Work required: Where does the string "dots" appear in the records? Copy each line that holds it.

Available records:
lemma util_cone_le_hd:
  assumes "util_sorted u S" "S \<noteq> []" "\<forall>j. 0 \<le> \<alpha> j"
  shows "util u (S!0 + (\<Sum>j<length S - 1. \<alpha> j *\<^sub>R (S!(j+1) - S!j))) \<le> util u (hd S)"
proof -
  have "\<alpha> j * (util u (S!(j+1)) - util u (S!j)) \<le> 0" if "j < length S - 1" for j
  proof -
    have "util u (S!(j+1)) \<le> util u (S!j)"
      using sorted_nth_mono[OF assms(1), of j "j+1"] that by simp
    then show ?thesis using assms(3) by (simp add: mult_nonneg_nonpos)
  qed
  then have "(\<Sum>j<length S - 1. \<alpha> j * (util u (S!(j+1)) - util u (S!j))) \<le> 0"
    by (intro sum_nonpos) simp
  then show ?thesis
    using assms(2) by (simp add: util_def hd_conv_nth inner_add_right inner_sum_right inner_diff_right)
qed

lemma entails_util_le:
  assumes "norm u \<le> 1" "util_sorted u S" "S \<noteq> []" "entails eps S x"
  shows "util u x \<le> util u (hd S) + eps"
proof -
  let ?p = "\<lambda>\<alpha>. S!0 + (\<Sum>j<length S - 1. \<alpha> j *\<^sub>R (S!(j+1) - S!j))"
  have dist_bound: "util u x - util u (hd S) \<le> norm (x - ?p \<alpha>)" if "\<forall>j. 0 \<le> \<alpha> j" for \<alpha>
  proof -
    have "util u x - util u (hd S) \<le> u \<bullet> (x - ?p \<alpha>)"
      using util_cone_le_hd[OF assms(2,3) that] by (simp add: util_def inner_diff_right)
    also have "\<dots> \<le> norm u * norm (x - ?p \<alpha>)" by (rule norm_cauchy_schwarz)
    also have "\<dots> \<le> norm (x - ?p \<alpha>)" using assms(1) by (simp add: mult_left_le_one_le)
    finally show ?thesis .
  qed
  let ?N = "{norm (x - S!0 - (\<Sum>j<length S - 1. \<alpha> j *\<^sub>R (S!(j+1) - S!j))) | \<alpha>. \<forall>j. 0 \<le> \<alpha> j}"
  have "util u x - util u (hd S) \<le> Inf ?N"
  proof (rule cInf_greatest)
    show "?N \<noteq> {}" by blast
  next
    fix n assume "n \<in> ?N"
    then obtain \<alpha> where "\<forall>j. 0 \<le> \<alpha> j" "n = norm (x - ?p \<alpha>)" by (auto simp: diff_diff_eq)
    then show "util u x - util u (hd S) \<le> n" using dist_bound by simp
  qed
  then show ?thesis using assms(4) unfolding entails_def by simp
qed

definition run_invariant :: "real \<Rightarrow> real^'d \<Rightarrow> (real^'d) set \<Rightarrow> 'd state \<Rightarrow> bool" where
  "run_invariant eps u A st = (case st of (F, Sig, P) \<Rightarrow>
     P \<subseteq> A \<and> finite P \<and>
     (\<forall>G\<in>set (Sig @ [F]). set G \<subseteq> A \<and> util_sorted u G) \<and>
     (\<forall>x\<in>A. x \<in> P \<or> (\<exists>G\<in>set (Sig @ [F]). x \<in> set G) \<or> (\<exists>G\<in>set Sig. prunes eps G x)))"

lemma run_invariantD:
  assumes "run_invariant eps u A (F, Sig, P)"
  shows "P \<subseteq> A" "finite P"
    and "G \<in> set (Sig @ [F]) \<Longrightarrow> set G \<subseteq> A"
    and "G \<in> set (Sig @ [F]) \<Longrightarrow> util_sorted u G"
    and "x \<in> A \<Longrightarrow> x \<in> P \<or> (\<exists>G\<in>set (Sig @ [F]). x \<in> set G) \<or> (\<exists>G\<in>set Sig. prunes eps G x)"
  using assms unfolding run_invariant_def by auto

lemma run_invariant_step:
  assumes inv: "run_invariant eps u A st"
  shows "run_invariant eps u (insert x A) (step eps u m \<gamma> x st)"
proof -
  obtain F Sig P where st: "st = (F, Sig, P)" by (cases st)
  define F' where "F' = filter_add u x F"
  define P' where "P' = {y\<in>P. prunes eps F' y}"
  have F': "set F' = insert x (set F)" "util_sorted u F'"
    using inv by (simp_all add: st run_invariant_def F'_def filter_add_def set_insort_key sorted_insort_key)
  consider (pruned) "\<exists>G\<in>set Sig. prunes eps G x" "step eps u m \<gamma> x st = (F, Sig, P)"
    | (pooled) "step eps u m \<gamma> x st = (F, Sig, insert x P)"
    | (closed) "step eps u m \<gamma> x st = ([], Sig @ [F'], P - P')"
    | (extended) "step eps u m \<gamma> x st = (F', Sig, P)"
    by (cases "\<exists>G\<in>set Sig. prunes eps G x"; cases "card P < m";
        cases "real (card P') \<ge> \<gamma> * real (card P)")
       (simp_all add: st step_def Let_def F'_def[symmetric] P'_def[symmetric])
  then show ?thesis
  proof cases
    case pruned
    then show ?thesis using inv by (auto simp: st run_invariant_def)
  next
    case pooled
    then show ?thesis using inv by (auto simp: st run_invariant_def)
  next
    case closed
    then show ?thesis using inv F' by (auto simp: st run_invariant_def P'_def)
  next
    case extended
    then show ?thesis using inv F' by (auto simp: st run_invariant_def)
  qed
qed

lemma run_invariant_run: "run_invariant eps u (set xs) (run eps u m \<gamma> xs)"
proof (induction xs rule: rev_induct)
  case Nil
  then show ?case by (simp add: run_def run_invariant_def)
next
  case (snoc x xs)
  then show ?case using run_invariant_step[of eps u "set xs" _ x m \<gamma>] by (simp add: run_def)
qed

definition candidates :: "'d state \<Rightarrow> (real^'d) set" where
  "candidates st = (case st of (F, Sig, P) \<Rightarrow>
     {filter_best G | G. G \<in> set (Sig @ [F]) \<and> G \<noteq> []} \<union> P)"

lemma final_output_eq_arg_max: "final_output u st = arg_max (util u) (\<lambda>y. y \<in> candidates st)"
  by (cases st) (simp add: final_output_def candidates_def)

lemma candidates_finite_subset:
  assumes "run_invariant eps u A st"
  shows "finite (candidates st)" and "candidates st \<subseteq> A"
proof -
  obtain F Sig P where st: "st = (F, Sig, P)" by (cases st)
  note inv = run_invariantD[OF assms[unfolded st]]
  have "candidates st \<subseteq> filter_best ` set (Sig @ [F]) \<union> P"
    by (auto simp: st candidates_def)
  then show "finite (candidates st)"
    by (rule finite_subset) (simp add: inv(2))
  show "candidates st \<subseteq> A"
  proof
    fix z assume "z \<in> candidates st"
    then consider "z \<in> P" | G where "G \<in> set (Sig @ [F])" "G \<noteq> []" "z = hd G"
      unfolding st candidates_def filter_best_def by auto
    then show "z \<in> A"
    proof cases
      case 1
      then show ?thesis using inv(1) by blast
    next
      case (2 G)
      then show ?thesis using inv(3)[of G] hd_in_set[of G] by blast
    qed
  qed
qed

Worked solution:
    also have "\<dots> \<le> norm u * norm (x - ?p \<alpha>)" by (rule norm_cauchy_schwarz)
    also have "\<dots> \<le> norm (x - ?p \<alpha>)" using assms(1) by (simp add: mult_left_le_one_le)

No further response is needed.